Long before the time of Jesus, both Hebrew and Greek cultures had recognized the poignant truth of this expression when it came to the medical profession. The health and wellness of our doctor impacts both our confidence and our expectations as patients.
Unfortunately, the medical community is suffering from the same overweight and obesity problems as everyone else. An informal survey conducted at an American Medical Association meeting two weeks ago revealed that only one third of the doctors were of normal weight or less. As a result, the AMA has handed out pedometers to encourage members to walk.
LifeTrek Coaching knows that sometimes pedometers just aren’t enough. It takes the attentive listening, artful inspiration, appreciative inquiry, and actionable planning of a personal coach to overcome long-standing patterns and high-pressure jobs. This is as true for physicians as for anyone else, and over the years, LifeTrek Coaching has worked with a number of medical professionals.
Recently I interviewed a physician who started to work with LifeTrek Coaching in May of 2001. His original goal for coaching was to work on losing weight and increasing his exercise level. Over time, he added other goals and found that coaching was a helpful forum for planning, reflection, and growth. Here’s what he had to say:
Q: How have you done at achieving your goals?
A: Not very well, when it comes to weight loss and exercise. I am still not where I want to be. But this is no reflection on LifeTrek Coaching. I’m the guy on the field, not you.

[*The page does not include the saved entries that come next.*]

(* Fix $C\ge0$. For $0\le k\le n$ put $N=n-k$ and \[ T_k=\sum_{g\in\mathcal M(k)}\Bigl|\sum_{h\in\mathcal M(N)}\psi(Q_A(gh))\Bigr|. \] Then as $n\to\infty$, uniformly for $0\le k\le 9n/20+C$, $T_k\ll_A q^{19n/20+o(n)}$.
   Context: $q$ is a fixed odd prime power; fix $m\ge0$ and $c_0,\dots,c_m\in\mathbb F_q$ with $c_m\ne0$. For each $n$, $\ell_n$ is an arbitrary linear form in the coefficients $f_0,\dots,f_n$ and for $f=\sum_{i=0}^nf_it^i$ of degree $n$, $Q_A(f)=\sum_{j=0}^m c_j\sum_{i=j}^n f_if_{i-j}+\ell_n(f)$. $\mathcal M(k)$ is the set of monic polynomials of degree $k$ in $\mathbb F_q[t]$, $\psi$ a non-trivial additive character of $\mathbb F_q$. Implied constants depend only on $q$, $C$ and $c_0,\dots,c_m$ and are uniform in $\ell_n,\psi$; $q^{o(n)}$ is a factor $q^{\varepsilon(n)n}$ with $\varepsilon(n)\to0$. *)

theory Defs
  imports "HOL-Analysis.Analysis" "HOL-Computational_Algebra.Polynomial"
begin

definition monics :: "nat \<Rightarrow> ('a::field) poly set" where
  "monics k = {p. degree p = k \<and> lead_coeff p = 1}"

definition nontriv_add_char :: "('a::field \<Rightarrow> complex) \<Rightarrow> bool" where
  "nontriv_add_char \<psi> \<longleftrightarrow> (\<forall>x y. \<psi> (x + y) = \<psi> x * \<psi> y) \<and> (\<exists>x. \<psi> x \<noteq> 1)"

text \<open>The quadratic form Q_A: for f of degree n,
  sum_{j=0}^m c_j sum_{i=j}^n f_i f_{i-j} + l_n(f), where the linear form l_n
  is given by its coefficient vector l n 0, ..., l n n.\<close>
definition QA :: "nat \<Rightarrow> (nat \<Rightarrow> 'a::field) \<Rightarrow> (nat \<Rightarrow> nat \<Rightarrow> 'a) \<Rightarrow> 'a poly \<Rightarrow> 'a" where
  "QA m c l f = (let n = degree f in
     (\<Sum>j\<le>m. c j * (\<Sum>i=j..n. coeff f i * coeff f (i - j))) + (\<Sum>i\<le>n. l n i * coeff f i))"

definition Tk :: "nat \<Rightarrow> (nat \<Rightarrow> 'a::field) \<Rightarrow> (nat \<Rightarrow> nat \<Rightarrow> 'a) \<Rightarrow> ('a \<Rightarrow> complex)
                   \<Rightarrow> nat \<Rightarrow> nat \<Rightarrow> real" where
  "Tk m c l \<psi> n k = (\<Sum>g\<in>monics k. norm (\<Sum>h\<in>monics (n - k). \<psi> (QA m c l (g * h))))"

end

theory Submission
  imports Defs
begin

text \<open>Weyl differencing. Fix \<open>g\<close> and write \<open>h = t\<^sup>N + y\<close> with \<open>deg y < N\<close>.
  Squaring the inner sum and substituting \<open>y \<mapsto> y + z\<close>, the phase difference
  \<open>Q\<^sub>A(g(t\<^sup>N + y + z)) - Q\<^sub>A(g(t\<^sup>N + y))\<close> is a function of \<open>z\<close> plus the polar form of
  \<open>Q\<^sub>A\<close> evaluated at \<open>(g y, g z)\<close>, which is linear in \<open>y\<close>; summing over \<open>y\<close> kills
  every \<open>z\<close> outside the radical of this form. Writing the polar form through a fixed
  polynomial \<open>B \<noteq> 0\<close> of degree \<open>\<le> 2m\<close> (here \<open>2 \<noteq> 0\<close> and \<open>c\<^sub>m \<noteq> 0\<close> are used), a
  triangular argument shows that an element \<open>z\<close> of the radical is determined by
  \<open>k + 2m\<close> coefficients of \<open>B g z\<close>. Hence the inner sum is at most
  \<open>q\<^bsup>(n+2m)/2\<^esup>\<close> and \<open>T\<^sub>k \<le> q\<^bsup>k + (n+2m)/2\<^esup> \<ll> q\<^bsup>19n/20\<^esup>\<close> for
  \<open>k \<le> 9n/20 + C\<close>; no \<open>q\<^bsup>o(n)\<^esup>\<close> loss occurs.\<close>

lemma even_card_if_two_eq_zero:
  assumes "(2::'a::{finite,ring_1}) = 0"
  shows "even CARD('a)"
proof -
  define C where "C = range (\<lambda>x::'a. {x, x + 1})"
  have card_pair: "card c = 2" if "c \<in> C" for c
    using that assms by (auto simp: C_def)
  have disjoint_pairs: "c \<inter> c' = {}" if "c \<in> C" "c' \<in> C" "c \<noteq> c'" for c c'
    using that assms by (auto simp: C_def)
  have "2 * card C = card (\<Union>C)"
    by (rule card_partition) (simp_all add: card_pair disjoint_pairs)
  also have "\<Union>C = UNIV" by (auto simp: C_def)
  finally have "2 * card C = CARD('a)" .
  then show ?thesis by (metis dvd_triv_left)
qed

Besides, we’ve ended up focusing on many other things as well: professional, personal, relationship, and life goals. It’s been a journey that, like life, has turned out to be more than we started with. And I continue to find our weekly conversations to be quite inspiring.
Q: So how would you describe the value of coaching?

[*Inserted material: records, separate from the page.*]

lemma d_min_d_max_d_plus_ordered:
  assumes k: "0 < k" and a: "a_star_plus k \<le> a" "a \<le> 1"
  shows "0 \<le> d_min_plus a k \<and> d_min_plus a k \<le> d_max_plus a k \<and> d_max_plus a k \<le> d_plus a k"
proof -
  have discr: "0 \<le> a\<^sup>2 + k * a - k"
    using discr_nonneg[OF k a(1)] .
  have "0 < a"
    using a_star_plus_pos[OF k] a by simp
  then have d_plus: "d_plus a k = a\<^sup>2 / (4 * k)"
    using d_plus_eq a(2) k by simp
  have "0 \<le> root_lo a k" "root_lo a k \<le> root_hi a k"
    using root_lo_nonneg[OF k discr a(2)] root_lo_le_root_hi[OF k discr] .
  then have lo_hi: "(root_lo a k)\<^sup>2 \<le> (root_hi a k)\<^sup>2"
    by (intro power_mono)
  have hi: "(root_hi a k)\<^sup>2 \<le> a\<^sup>2 / (4 * k)"
    using root_hi_sq_le[OF k discr] k by (simp add: le_divide_eq mult.commute)
  show ?thesis
    using d_min_plus_eq[OF discr] d_max_plus_eq_root_hi[OF discr] d_max_plus_eq_branch lo_hi hi d_plus
    by (cases "a_one_plus k < a") auto
qed

lemma d_max_plus_a_star_plus:
  assumes k: "0 < k"
  shows "d_max_plus (a_star_plus k) k = d_min_plus (a_star_plus k) k"
proof -
  have "\<not> a_one_plus k < a_star_plus k"
    using a_one_plus_less_imp_roots(1)[OF k a_star_plus_pos[OF k] less_imp_le[OF a_star_plus_less_one[OF k]]]
      a_star_plus_root[OF k] by auto
  then show ?thesis
    unfolding d_max_plus_def d_min_plus_def using a_star_plus_root[OF k] by simp
qed

lemma d_min_plus_continuous:
  "continuous_on {(a, k'). 0 < k' \<and> a_star_plus k' \<le> a \<and> a \<le> 1} (\<lambda>(a, k'). d_min_plus a k')"
  unfolding d_min_plus_def case_prod_beta' by (intro continuous_intros) auto

lemma d_max_plus_continuous:
  "continuous_on {(a, k'). 0 < k' \<and> a_star_plus k' \<le> a \<and> a \<le> 1} (\<lambda>(a, k'). d_max_plus a k')"
  unfolding case_prod_beta'
proof -
  let ?S = "{p :: real \<times> real. 0 < snd p \<and> a_star_plus (snd p) \<le> fst p \<and> fst p \<le> 1}"
  let ?switch = "\<lambda>p::real \<times> real. fst p - 2 * sqrt (snd p) / (2 + sqrt (snd p))"
  let ?root = "\<lambda>p::real \<times> real. (2 * (fst p)\<^sup>2 + fst p * (snd p - 4) + 4 - snd p
      + 2 * (2 - fst p) * sqrt ((fst p)\<^sup>2 + snd p * fst p - snd p)) / (4 + snd p)\<^sup>2"
  let ?branch = "\<lambda>p::real \<times> real. (fst p)\<^sup>2 / (4 * snd p)"
  have cont: "continuous_on ?S (\<lambda>p. if ?switch p \<le> 0 then ?root p else ?branch p)"
  proof (rule continuous_on_cases_le)
    show "continuous_on {p \<in> ?S. ?switch p \<le> 0} ?root"
      by (intro continuous_intros) (auto simp: add_pos_pos)
    show "continuous_on {p \<in> ?S. 0 \<le> ?switch p} ?branch"
      by (intro continuous_intros) auto
    show "continuous_on ?S ?switch"
      by (intro continuous_intros) (auto dest: real_sqrt_gt_zero)
    show "?root p = ?branch p" if "p \<in> ?S" "?switch p = 0" for p
      using that d_max_plus_formulas_agree[of "snd p" "fst p"] by auto
  qed
  have formula: "(if ?switch p \<le> 0 then ?root p else ?branch p) = d_max_plus (fst p) (snd p)"
    if "p \<in> ?S" for p
    using that unfolding d_max_plus_def a_one_plus_def by auto
  show "continuous_on ?S (\<lambda>p. d_max_plus (fst p) (snd p))"
    by (rule continuous_on_eq[OF cont formula])
qed

theorem corollary2p10:
  fixes k :: real
  assumes "k > 0"
  shows "continuous_on {(a, k'). 0 < k' \<and> a_star_plus k' \<le> a \<and> a \<le> 1} (\<lambda>(a, k'). d_min_plus a k')
       \<and> continuous_on {(a, k'). 0 < k' \<and> a_star_plus k' \<le> a \<and> a \<le> 1} (\<lambda>(a, k'). d_max_plus a k')
       \<and> (\<forall>a\<in>{a_star_plus k..1}. 0 \<le> d_min_plus a k \<and> d_min_plus a k \<le> d_max_plus a k
                                  \<and> d_max_plus a k \<le> d_plus a k)
       \<and> d_max_plus (a_star_plus k) k = d_min_plus (a_star_plus k) k
       \<and> D_plus k = {(a, d). (a, d) \<in> H_strip \<and> a > a_star_plus k
                              \<and> d_min_plus a k < d \<and> d < d_max_plus a k}"
  using d_min_plus_continuous d_max_plus_continuous d_min_d_max_d_plus_ordered[OF assms]
    d_max_plus_a_star_plus[OF assms] D_plus_eq[OF assms]
  by auto

end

A: Coaching allows you to hear your own voice. It’s not just a mirror, which is pure reflection. Coaching is more like art appreciation. We mutually step back and look at my life to observe, appreciate, and integrate what we see. It assists me to identify and reach the potential within myself that I might not see on my own.

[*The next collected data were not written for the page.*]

lemma path_singleton [simp]: "path [x] \<longleftrightarrow> x \<in> V"
  unfolding is_path_def by auto

lemma path_Cons_Cons:
  "path (x # y # zs) \<longleftrightarrow> adjacent x y \<and> x \<notin> set (y # zs) \<and> x \<in> V \<and> path (y # zs)"
  unfolding is_path_def length_Cons Suc_less_eq All_less_Suc2 nth_Cons_0 nth_Cons_Suc by auto

lemma path_append:
  assumes "xs \<noteq> []" "ys \<noteq> []"
  shows "path (xs @ ys) \<longleftrightarrow>
    path xs \<and> path ys \<and> set xs \<inter> set ys = {} \<and> adjacent (last xs) (hd ys)"
  using assms
proof (induction xs rule: induct_list012)
  case (2 x)
  then obtain y zs where "ys = y # zs"
    by (cases ys) auto
  then show ?case
    by (auto simp: path_Cons_Cons)
next
  case (3 x x' xs)
  then show ?case
    by (auto simp: path_Cons_Cons)
qed simp

lemma path_snoc:
  "xs \<noteq> [] \<Longrightarrow> path (xs @ [y]) \<longleftrightarrow> path xs \<and> y \<in> V \<and> y \<notin> set xs \<and> adjacent (last xs) y"
  by (auto simp: path_append)

lemma path_rev [simp]: "path (rev xs) \<longleftrightarrow> path xs"
proof (induction xs rule: induct_list012)
  case (3 x y zs)
  have "path (rev (x # y # zs)) \<longleftrightarrow> path (rev (y # zs) @ [x])"
    by simp
  also have "\<dots> \<longleftrightarrow>
      path (rev (y # zs)) \<and> path [x] \<and> x \<notin> set (y # zs) \<and> adjacent (last (rev (y # zs))) x"
    by (subst path_append) auto
  also have "\<dots> \<longleftrightarrow> path (x # y # zs)"
    using "3.IH"(2) by (auto simp: path_Cons_Cons last_rev adjacent_sym)
  finally show ?case .
qed (simp_all add: is_path_def)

It’s not unlike what happens in athletics. Sometimes the coach has to pull you out of the game in order to get your head back into the game. Sometimes, in the frenzy of the game, you lose sight of yourself. A lot of our life has an aspect of frenzy no matter how much we control it. It’s a cultural dynamic. Just-in-time inventory has become the symbol for what modern industries are about. We’re not going to build reserves. We have nothing on the shelf. Coaching enables me to question that dynamic.
Q: What shifts have you experienced as a result of coaching?
A: Coaching has gotten me to see more of myself, from the outside in. It makes me a little more introspective and analytical about the things I am doing. It forces me to Step back, Think, and Organize my thoughts before Proceeding in all realms • as father, husband, friend, and in my professional life too.
In my work as a physician, one element of what we do with families is coaching them through a stressful experience. I have always had good awareness of myself in the physician-patient relationship. But in many other areas my awareness has suffered. Physicians are generally not happy people. Our work schedule is crazy. High pressure. The systemic demands are grueling and often inconsiderate. Coaching has allowed me to step back and think about where I am in these systems, how I am feeling, and how I want to handle it best.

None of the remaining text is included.